Fobaproa y la economía de casino. Lauro Trujillo Anaya

FOBAPROA y la economía de casino

Lauro Trujillo Anaya *

La solución a la actual crisis bancaria de México depende hoy de acuerdos frágiles, del éxito en las negociaciones políticas y de que prevalezca el interés de la Nación en las decisiones que se tomen al respecto. Sin embargo, por muy difícil que pueda parecer lo anterior, todo eso no será suficiente para financiar el desarrollo si los factores que generan la incertidumbre continúan ubicándonos en una "economía de casino"; la cual parece ser parte medular del proceso de globalización que enfrenta el país.

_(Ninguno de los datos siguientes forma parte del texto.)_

(* Consequently mu0 t = 1/t - 1/t^2 + O(1/t^3): the second order term is exactly -1/t^2. *)
lemma mu0_second_order:
  assumes t: "t > 2"
  shows "-1 \<le> t * (t * mu0 t - 1)" "t * (t * mu0 t - 1) \<le> -1 + 2 / t" "mu0 t > 0"
proof -
  have t0: "t > 0" using t by simp
  have eq: "t * (t * mu0 t - 1) = t\<^sup>2 * mu0 t - t" by (simp add: algebra_simps power2_eq_square)
  have "t\<^sup>2 * (1 / t - 1 / t\<^sup>2) \<le> t\<^sup>2 * mu0 t" using mu0_bounds(1)[OF t0] by (intro mult_left_mono) auto
  moreover have "t\<^sup>2 * (1 / t - 1 / t\<^sup>2) = t - 1" using t0 by (simp add: field_simps power2_eq_square)
  ultimately show "-1 \<le> t * (t * mu0 t - 1)" using eq by simp
  have "t\<^sup>2 * mu0 t \<le> t\<^sup>2 * (1 / t - 1 / t\<^sup>2 + 2 / t ^ 3)"
    using mu0_bounds(2)[OF t0] by (intro mult_left_mono) auto
  moreover have "t\<^sup>2 * (1 / t - 1 / t\<^sup>2 + 2 / t ^ 3) = t - 1 + 2 / t"
    using t0 by (simp add: field_simps power2_eq_square power3_eq_cube)
  ultimately show "t * (t * mu0 t - 1) \<le> -1 + 2 / t" using eq by simp
  have "1 / t\<^sup>2 < 1 / t" using t by (simp add: power2_eq_square divide_strict_left_mono)
  then show "mu0 t > 0" using mu0_bounds(1)[OF t0] by simp
qed

(* The function u \<mapsto> ln (1 - ln u / t) on (0, 1]: T2 is its Riemann sum over the points i/k,
   and the substitution u = exp(-x) turns mu0 t into its integral over (0, 1]. *)
definition sum_kernel :: "real \<Rightarrow> real \<Rightarrow> real" where
  "sum_kernel t u = ln (1 - ln u / t)"

lemma T2_as_kernel_sum:
  "T2 n k = (1 / real k) * (\<Sum>i=1..k. sum_kernel (ln (real n / real k)) (real i / real k))"
  unfolding T2_def sum_kernel_def ..

lemma mu0_integrand_as_kernel: "mu0_integrand t x = sum_kernel t (exp (- x)) * exp (- x)"
  unfolding mu0_integrand_def sum_kernel_def by simp

definition sum_kernel_deriv :: "real \<Rightarrow> real \<Rightarrow> real" where
  "sum_kernel_deriv t u = - 1 / (u * (t - ln u))"

definition sum_kernel_deriv2 :: "real \<Rightarrow> real \<Rightarrow> real" where
  "sum_kernel_deriv2 t u = (t - ln u - 1) / (u\<^sup>2 * (t - ln u)\<^sup>2)"

(* On (0, e] one has t - ln u > 0 for t >= 2, so the kernel is smooth there. *)
lemma ln_le_one_of_le_exp1: "0 < (u::real) \<Longrightarrow> u \<le> exp 1 \<Longrightarrow> ln u \<le> 1"
  using ln_le_cancel_iff[of u "exp 1"] by simp

lemma sum_kernel_has_deriv:
  assumes "t \<ge> 2" "0 < u" "u \<le> exp 1"
  shows "(sum_kernel t has_real_derivative sum_kernel_deriv t u) (at u)"
proof -
  have pos: "t - ln u > 0" using ln_le_one_of_le_exp1[OF assms(2,3)] assms(1) by simp
  then have "1 - ln u / t > 0" using assms by (simp add: field_simps)
  then show ?thesis unfolding sum_kernel_def sum_kernel_deriv_def
    using assms pos by (auto intro!: derivative_eq_intros simp: field_simps)
qed

lemma sum_kernel_deriv_has_deriv:
  assumes "t \<ge> 2" "0 < u" "u \<le> exp 1"
  shows "(sum_kernel_deriv t has_real_derivative sum_kernel_deriv2 t u) (at u)"
proof -
  have pos: "t - ln u > 0" using ln_le_one_of_le_exp1[OF assms(2,3)] assms(1) by simp
  have "((\<lambda>u. - 1 / (u * (t - ln u))) has_real_derivative
      - ((1 * (t - ln u) + u * (0 - 1 / u)) / (u * (t - ln u))\<^sup>2 * (-1))) (at u)"
    using assms pos
    by (intro derivative_eq_intros DERIV_divide[where f="\<lambda>_. -1", THEN DERIV_cong])
      (auto simp: power2_eq_square)
  moreover have "- ((1 * (t - ln u) + u * (0 - 1 / u)) / (u * (t - ln u))\<^sup>2 * (-1))
      = sum_kernel_deriv2 t u"
  proof -
    have "u * (0 - 1 / u) = -1" using assms by simp
    then show ?thesis unfolding sum_kernel_deriv2_def by (simp add: power_mult_distrib)
  qed
  ultimately show ?thesis unfolding sum_kernel_deriv_def by simp
qed

lemma sum_kernel_deriv2_nonneg:
  assumes "t \<ge> 2" "0 < u" "u \<le> exp 1"
  shows "sum_kernel_deriv2 t u \<ge> 0"
  using ln_le_one_of_le_exp1[OF assms(2,3)] assms unfolding sum_kernel_deriv2_def
  by (intro divide_nonneg_pos) auto

(* Convexity of the kernel on (0, e] is what makes the Riemann sum T2 comparable to mu0:
   tangents and midpoints bound the cell integrals from below, chords from above. *)
lemma sum_kernel_convex: "t \<ge> 2 \<Longrightarrow> convex_on {0<..exp 1} (sum_kernel t)"
  by (rule f''_ge0_imp_convex[where f'="sum_kernel_deriv t" and f''="sum_kernel_deriv2 t"])
     (use sum_kernel_has_deriv sum_kernel_deriv_has_deriv sum_kernel_deriv2_nonneg in auto)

Los bancos son mucho más que simples intermediarios en un moderno sistema de pagos: son corporaciones preponderantes en el mercado de dinero y de capitales. En México, después de su reprivatización se enfrascaron en la, vorágine de los autopréstamos, los préstamos para proyectos sin viabilidad o con bienes públicos como garantía, todo ello aderezado con el alza de las tasas de interés (que en 1994 alcanzaron en promedio el 80 por ciento), lo cual fue uno de los corolarios económicos del asesinato de Colosio y castigó severamente a miles de pequeños y medianos acreditados de la banca que irremisiblemente vieron perder su patrimonio, viviendas o empresas.

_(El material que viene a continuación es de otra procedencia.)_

(* Let $E$ be a real Hilbert space with $\dim(E)\ge2$, $h\in E$ a unit vector, and $f:\mathbb{R}_{\ge0}\to\mathbb{R}_{\ge0}$ with $f(d)>0$ iff $d>0$. Let $x\preceq_f y\iff f(\|y_\perp-x_\perp\|)\le y_h-x_h$. Assume that $\preceq_f$ is topologically closed in $E\times E$, and that $f$ is square-superadditive, or merely superadditive in case $\dim(E)=2$. Then every pair of elements of $E$ has a join in $(E,\preceq_f)$.
   Context: For $x\in E$ write $x=x_h h+x_\perp$ with $x_h=(x,h)$ and $x_\perp$ orthogonal to $h$. The join of $P\subseteq E$ is an $x$ with $p\preceq_f x$ for all $p\in P$ and $x\preceq_f y$ for every $y$ with $p\preceq_f y$ for all $p\in P$. $f$ is superadditive if $f(x+y)\ge f(x)+f(y)$ for all $x,y\ge0$, and square-superadditive if $f(\sqrt{x^2+y^2})\ge f(x)+f(y)$ for all $x,y\ge0$. *)

theory Defs
  imports "HOL-Analysis.Analysis"
begin

definition dim_ge2 :: "'a::real_vector itself \<Rightarrow> bool" where
  "dim_ge2 _ \<longleftrightarrow> (\<exists>u v::'a. u \<noteq> v \<and> independent {u, v})"

definition dim_eq2 :: "'a::real_vector itself \<Rightarrow> bool" where
  "dim_eq2 _ \<longleftrightarrow> (\<exists>u v::'a. u \<noteq> v \<and> independent {u, v} \<and> span {u, v} = UNIV)"

definition hcomp :: "'a::real_inner \<Rightarrow> 'a \<Rightarrow> real" where
  "hcomp h x = inner x h"

definition perp :: "'a::real_inner \<Rightarrow> 'a \<Rightarrow> 'a" where
  "perp h x = x - inner x h *\<^sub>R h"

definition prec :: "(real \<Rightarrow> real) \<Rightarrow> 'a::real_inner \<Rightarrow> 'a \<Rightarrow> 'a \<Rightarrow> bool" where
  "prec f h x y \<longleftrightarrow> f (norm (perp h y - perp h x)) \<le> hcomp h y - hcomp h x"

definition is_join :: "(real \<Rightarrow> real) \<Rightarrow> 'a::real_inner \<Rightarrow> 'a set \<Rightarrow> 'a \<Rightarrow> bool" where
  "is_join f h P x \<longleftrightarrow> (\<forall>p\<in>P. prec f h p x) \<and>
     (\<forall>y. (\<forall>p\<in>P. prec f h p y) \<longrightarrow> prec f h x y)"

definition superadditive :: "(real \<Rightarrow> real) \<Rightarrow> bool" where
  "superadditive f \<longleftrightarrow> (\<forall>x y. x \<ge> 0 \<longrightarrow> y \<ge> 0 \<longrightarrow> f (x + y) \<ge> f x + f y)"

definition square_superadditive :: "(real \<Rightarrow> real) \<Rightarrow> bool" where
  "square_superadditive f \<longleftrightarrow>
     (\<forall>x y. x \<ge> 0 \<longrightarrow> y \<ge> 0 \<longrightarrow> f (sqrt (x\<^sup>2 + y\<^sup>2)) \<ge> f x + f y)"

end

theory Submission
  imports Defs
begin

(* If a, b are incomparable, write b - a = D e + \<beta> h with e a unit vector orthogonal to h.
   The join is a + c e + max (f c) (\<beta> + f (D - c)) h, where c is the point of [0, D] at
   which s \<mapsto> f s crosses s \<mapsto> \<beta> + f (D - s).  For an upper bound y, (square-)
   superadditivity splits the cone condition at a (resp. b) along e on one side of the
   projection of y onto the line, which bounds the candidate directly or bounds nearby points
   on the other side of c; there one passes to the limit, since a closed order makes f lower
   semicontinuous and hence, being monotone, left-continuous. *)

lemma perp_orthogonal: "norm h = 1 \<Longrightarrow> perp h x \<bullet> h = 0"
  by (simp add: perp_def inner_diff_left norm_eq_1[symmetric])

lemma perp_hcomp_decomposition: "x = perp h x + hcomp h x *\<^sub>R h"
  by (simp add: perp_def hcomp_def)

lemma perp_add: "perp h (x + y) = perp h x + perp h y"
  and perp_diff: "perp h (x - y) = perp h x - perp h y"
  and hcomp_add: "hcomp h (x + y) = hcomp h x + hcomp h y"
  and hcomp_diff: "hcomp h (x - y) = hcomp h x - hcomp h y"
  by (simp_all add: perp_def hcomp_def inner_add_left inner_diff_left algebra_simps)

lemma perp_orthogonal_eq: "v \<bullet> h = 0 \<Longrightarrow> perp h v = v"
  and hcomp_orthogonal_eq: "v \<bullet> h = 0 \<Longrightarrow> hcomp h v = 0"
  by (simp_all add: perp_def hcomp_def)

lemma perp_scaleR_unit: "norm h = 1 \<Longrightarrow> perp h (t *\<^sub>R h) = 0"
  and hcomp_scaleR_unit: "norm h = 1 \<Longrightarrow> hcomp h (t *\<^sub>R h) = t"
  by (simp_all add: perp_def hcomp_def norm_eq_1[symmetric])

lemmas perp_hcomp_simps = perp_add perp_diff hcomp_add hcomp_diff
  perp_orthogonal_eq hcomp_orthogonal_eq perp_scaleR_unit hcomp_scaleR_unit

lemma prec_iff_diff: "prec f h x y \<longleftrightarrow> f (norm (perp h (y - x))) \<le> hcomp h (y - x)"
  by (simp add: prec_def perp_diff hcomp_diff)

lemma prec_add_right_iff:
  assumes "norm h = 1" "v \<bullet> h = 0"
  shows "prec f h x (x + v + t *\<^sub>R h) \<longleftrightarrow> f (norm v) \<le> t"
  using assms by (simp add: prec_def perp_hcomp_simps)

lemma prec_add_left_iff:
  assumes "norm h = 1" "v \<bullet> h = 0"
  shows "prec f h (x + v + t *\<^sub>R h) y \<longleftrightarrow>
    f (norm (perp h (y - x) - v)) \<le> hcomp h (y - x) - t"
  using assms by (simp add: prec_def perp_hcomp_simps algebra_simps)

lemma square_superadditive_mono_on:
  assumes "square_superadditive f" "\<forall>d\<ge>0. f d \<ge> 0"
  shows "mono_on {0..} f"
proof (rule mono_onI)
  fix p q :: real assume "p \<in> {0..}" "p \<le> q"
  define r where "r = sqrt (q\<^sup>2 - p\<^sup>2)"
  have "r \<ge> 0" "sqrt (p\<^sup>2 + r\<^sup>2) = q"
    using \<open>p \<in> {0..}\<close> \<open>p \<le> q\<close> by (simp_all add: r_def power_mono)
  then have "f p + f r \<le> f q" "0 \<le> f r"
    using assms \<open>p \<in> {0..}\<close> unfolding square_superadditive_def by (metis atLeast_iff)+
  then show "f p \<le> f q" by simp
qed

lemma superadditive_mono_on:
  assumes "superadditive f" "\<forall>d\<ge>0. f d \<ge> 0"
  shows "mono_on {0..} f"
proof (rule mono_onI)
  fix p q :: real assume "p \<in> {0..}" "p \<le> q"
  then have "f p + f (q - p) \<le> f q" "0 \<le> f (q - p)"
    using assms unfolding superadditive_def
    by (metis add.commute diff_add_cancel diff_ge_0_iff_ge atLeast_iff)+
  then show "f p \<le> f q" by simp
qed

lemma square_superadditive_norm_add:
  fixes A B :: "'a::real_inner"
  assumes "square_superadditive f" "mono_on {0..} f" "0 \<le> A \<bullet> B"
  shows "f (norm A) + f (norm B) \<le> f (norm (A + B))"
proof -
  have "(norm (A + B))\<^sup>2 = (norm A)\<^sup>2 + (norm B)\<^sup>2 + 2 * (A \<bullet> B)"
    by (simp add: power2_norm_eq_inner inner_add_left inner_add_right inner_commute)
  then have "sqrt ((norm A)\<^sup>2 + (norm B)\<^sup>2) \<le> norm (A + B)"
    using assms(3) by (intro real_le_lsqrt) auto
  then have "f (sqrt ((norm A)\<^sup>2 + (norm B)\<^sup>2)) \<le> f (norm (A + B))"
    using assms(2) by (simp add: mono_onD)
  moreover have "f (norm A) + f (norm B) \<le> f (sqrt ((norm A)\<^sup>2 + (norm B)\<^sup>2))"
    using assms(1) unfolding square_superadditive_def by simp
  ultimately show ?thesis by simp
qed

A últimas fechas sea conocieron datos sobre la triangulación de grandes cantidades para financiar la campaña del partido oficial en las elecciones presidenciales de 1994, por cuenta del Banco Unión del prófugo Cabal Peniche (13 millones de pesos), de Ángel Isidoro Rodríguez, "El Divino", quien dio amplios detalles a una comisión de diputados (2 millones de dólares), y de Gerardo de Prevoisin, ex director de Aeroméxico (8 millones de dólares). Ante la sospecha -porque la información no ha fluido libremente- de que esos y otros recursos hayan ido a parar al FOBAPROA (Fondo Bancario de Protección al Ahorro), el PRD solicitó que se investigue y el IFE tuvo que dar curso a la queja, a pesar de que el PRI intentó minimizar el asunto y considerarlo como "cosa juzgada".

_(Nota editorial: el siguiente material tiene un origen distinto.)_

lemma sum_powers_primitive_root:
  fixes \<omega> :: "'f::field"
  assumes \<omega>: "primitive_root \<omega> n" and "n \<ge> 1"
  shows "(\<Sum>j<n. \<omega> ^ (j * m)) = (if n dvd m then of_nat n else 0)"
proof -
  have powers: "\<omega> ^ (j * m) = (\<omega> ^ m) ^ j" for j
    by (simp add: power_mult[symmetric] mult.commute)
  show ?thesis
  proof (cases "n dvd m")
    case True
    then have "\<omega> ^ m = 1" by (metis primitive_root_power_mod[OF \<omega>] dvd_imp_mod_0 power_0)
    with True show ?thesis by (simp add: powers)
  next
    case False
    then have "m mod n \<noteq> 0" and "m mod n < n"
      using \<open>n \<ge> 1\<close> by (simp_all add: dvd_eq_mod_eq_0)
    then have "\<omega> ^ (m mod n) \<noteq> 1"
      using \<omega> by (simp add: primitive_root_def)
    then have "\<omega> ^ m \<noteq> 1"
      by (metis primitive_root_power_mod[OF \<omega>])
    moreover have "(\<omega> ^ m) ^ n = (\<omega> ^ n) ^ m"
      by (simp add: power_mult[symmetric] mult.commute)
    then have "(\<omega> ^ m) ^ n = 1"
      using \<omega> by (simp add: primitive_root_def)
    ultimately show ?thesis using False by (simp add: powers sum_gp_strict)
  qed
qed

lemma two_neq_0_if_of_nat_Suc:
  assumes "of_nat n \<noteq> (0::'a::semiring_1)" and "of_nat (Suc n) \<noteq> (0::'a)"
  shows "(2::'a) \<noteq> 0"
proof
  assume "(2::'a) = 0"
  then have "of_nat m = (0::'a)" if "even m" for m
    using that by (metis dvd_def mult_zero_left of_nat_mult of_nat_numeral)
  moreover have "even n \<or> even (Suc n)" by simp
  ultimately show False using assms by blast
qed

lemma dvd_add_pred_cases:
  fixes n i :: nat
  assumes "n \<ge> 2" and "i \<le> Suc n" and "n dvd i + (n - 1)"
  shows "i = 1 \<or> i = Suc n"
proof -
  obtain q where q: "i + (n - 1) = n * q" using assms(3) by blast
  have "n * q \<noteq> 0" using q assms(1) by linarith
  then have "q \<noteq> 0" by simp
  moreover have "\<not> q \<ge> 3"
  proof
    assume "q \<ge> 3"
    then have "n * 3 \<le> n * q" by simp
    with q assms(1,2) show False by linarith
  qed
  ultimately have "q = 1 \<or> q = 2" by auto
  with q assms(1) show ?thesis by auto
qed

section \<open>Noncommutative binomial expansion\<close>

text \<open>mixed_power a b i m is the sum of the words of length m in a and b containing
  exactly i letters b, i.e. the part of (a + b)^m of degree i in b.\<close>
fun mixed_power :: "'b::ring_1 \<Rightarrow> 'b \<Rightarrow> nat \<Rightarrow> nat \<Rightarrow> 'b" where
  "mixed_power a b i 0 = (if i = 0 then 1 else 0)"
| "mixed_power a b i (Suc m) =
     a * mixed_power a b i m + (if i = 0 then 0 else b * mixed_power a b (i - 1) m)"

lemma mixed_power_eq_0: "m < i \<Longrightarrow> mixed_power a b i m = 0"
  by (induction m arbitrary: i) auto

lemma mixed_power_0: "mixed_power a b 0 m = a ^ m"
  by (induction m) auto

lemma mixed_power_diag: "mixed_power a b m m = b ^ m"
  by (induction m) (auto simp: mixed_power_eq_0)

lemma mixed_power_1_commutator:
  "a * mixed_power a b 1 m - mixed_power a b 1 m * a = a ^ m * b - b * a ^ m"
proof (induction m)
  case (Suc m)
  have "a * mixed_power a b 1 (Suc m) - mixed_power a b 1 (Suc m) * a
      = a * (a * mixed_power a b 1 m - mixed_power a b 1 m * a) + a * b * a ^ m - b * a ^ m * a"
    by (simp add: mixed_power_0 algebra_simps)
  also have "\<dots> = a * (a ^ m * b - b * a ^ m) + a * b * a ^ m - b * a ^ m * a"
    by (simp only: Suc.IH)
  also have "\<dots> = a ^ Suc m * b - b * a ^ Suc m"
    by (simp add: algebra_simps power_commutes)
  finally show ?case .
qed simp

lemma mixed_power_1_commuting:
  assumes "a * b = b * a"
  shows "mixed_power a b 1 (Suc m) = of_nat (Suc m) * (b * a ^ m)"
proof (induction m)
  case (Suc m)
  have "a * (b * a ^ m) = b * a ^ Suc m"
    using assms by (metis mult.assoc power_Suc)
  then have "a * (of_nat (Suc m) * (b * a ^ m)) = of_nat (Suc m) * (b * a ^ Suc m)"
    by (metis mult.assoc mult_of_nat_commute)
  moreover have "mixed_power a b 1 (Suc (Suc m)) = a * (of_nat (Suc m) * (b * a ^ m)) + b * a ^ Suc m"
    using Suc.IH by (simp add: mixed_power_0)
  ultimately show ?case by (simp add: algebra_simps)
qed (simp add: mixed_power_0)

locale F_algebra =
  fixes smul :: "'f::field \<Rightarrow> 'b::ring_1 \<Rightarrow> 'b"
  assumes F_algebra: "is_F_algebra smul"
begin

lemma smul_add_right: "smul c (x + y) = smul c x + smul c y"
  using F_algebra by (simp add: is_F_algebra_def)

lemma smul_add_left: "smul (c + d) x = smul c x + smul d x"
  using F_algebra by (simp add: is_F_algebra_def)

lemma smul_smul: "smul c (smul d x) = smul (c * d) x"
  using F_algebra by (simp add: is_F_algebra_def)

lemma smul_one: "smul 1 x = x"
  using F_algebra by (simp add: is_F_algebra_def)

lemma smul_mult_left: "smul c (x * y) = smul c x * y"
  using F_algebra unfolding is_F_algebra_def by blast

lemma smul_mult_right: "smul c (x * y) = x * smul c y"
  using F_algebra unfolding is_F_algebra_def by blast

lemma smul_zero_left: "smul 0 x = 0"
  using smul_add_left[of 0 0 x] by simp

lemma smul_zero_right: "smul c 0 = 0"
  using smul_add_right[of c 0 0] by simp

lemma smul_minus_left: "smul (- c) x = - smul c x"
  using minus_unique[of "smul c x" "smul (- c) x"] smul_add_left[of c "- c" x]
  by (simp add: smul_zero_left)

lemma smul_sum_right: "smul c (\<Sum>i\<in>A. x i) = (\<Sum>i\<in>A. smul c (x i))"
  by (induction A rule: infinite_finite_induct) (auto simp: smul_zero_right smul_add_right)

lemma smul_sum_left: "smul (\<Sum>i\<in>A. c i) x = (\<Sum>i\<in>A. smul (c i) x)"
  by (induction A rule: infinite_finite_induct) (auto simp: smul_zero_left smul_add_left)

lemma of_nat_mult_eq_smul: "of_nat m * x = smul (of_nat m) x"
  by (induction m) (auto simp: smul_zero_left smul_add_left smul_one distrib_right)

lemma smul_eq_0_imp: "c \<noteq> 0 \<Longrightarrow> smul c x = 0 \<Longrightarrow> x = 0"
  using smul_smul[of "inverse c" c x] by (simp add: smul_one smul_zero_right)

lemma double_cancel: "(2::'f) \<noteq> 0 \<Longrightarrow> x + x = y + y \<Longrightarrow> x = (y::'b)"
  using smul_eq_0_imp[of 2 "x - y"] smul_add_left[of 1 1 "x - y"]
  by (simp add: smul_one algebra_simps)

lemma power_add_smul_expand:
  "(a + smul t b) ^ m = (\<Sum>i\<le>m. smul (t ^ i) (mixed_power a b i m))"
proof (induction m)
  case (Suc m)
  have "(a + smul t b) ^ Suc m
      = (\<Sum>i\<le>m. smul (t ^ i) (a * mixed_power a b i m)) + (\<Sum>i\<le>m. smul (t ^ Suc i) (b * mixed_power a b i m))"
    by (simp add: Suc.IH distrib_right sum_distrib_left smul_mult_right smul_mult_left[symmetric]
          smul_smul mult.commute sum.distrib)
  also have "(\<Sum>i\<le>m. smul (t ^ i) (a * mixed_power a b i m)) = (\<Sum>i\<le>Suc m. smul (t ^ i) (a * mixed_power a b i m))"
    by (simp add: mixed_power_eq_0 smul_zero_right)
  also have "(\<Sum>i\<le>m. smul (t ^ Suc i) (b * mixed_power a b i m))
     = (\<Sum>i\<le>Suc m. smul (t ^ i) (if i = 0 then 0 else b * mixed_power a b (i - 1) m))"
    by (subst sum.atMost_Suc_shift) (simp add: smul_zero_right)
  finally show ?case
    by (simp add: sum.distrib[symmetric] smul_add_right del: sum.atMost_Suc)
qed (simp add: smul_one)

En el actual sexenio, el FOBAPROA, instrumento creado supuestamente para salvaguardar los intereses de los ahorradores e inversionistas, fue absorbiendo pasivos, deudas muchas de ellas impagables, que ahora el gobierno federal pretende convertirlas en deuda pública, por un monto de 552 mil millones de pesos, lo cual impactaría negativamente el gasto social durante muchos años. Ante esto, resultan absurdas las declaraciones emitidas por la Secretaría de Gobernación en el sentido de que "no es el pueblo quien va a pagar esta deuda, sólo los contribuyentes" (Luis del Valle, La Jornada 3-IX-98).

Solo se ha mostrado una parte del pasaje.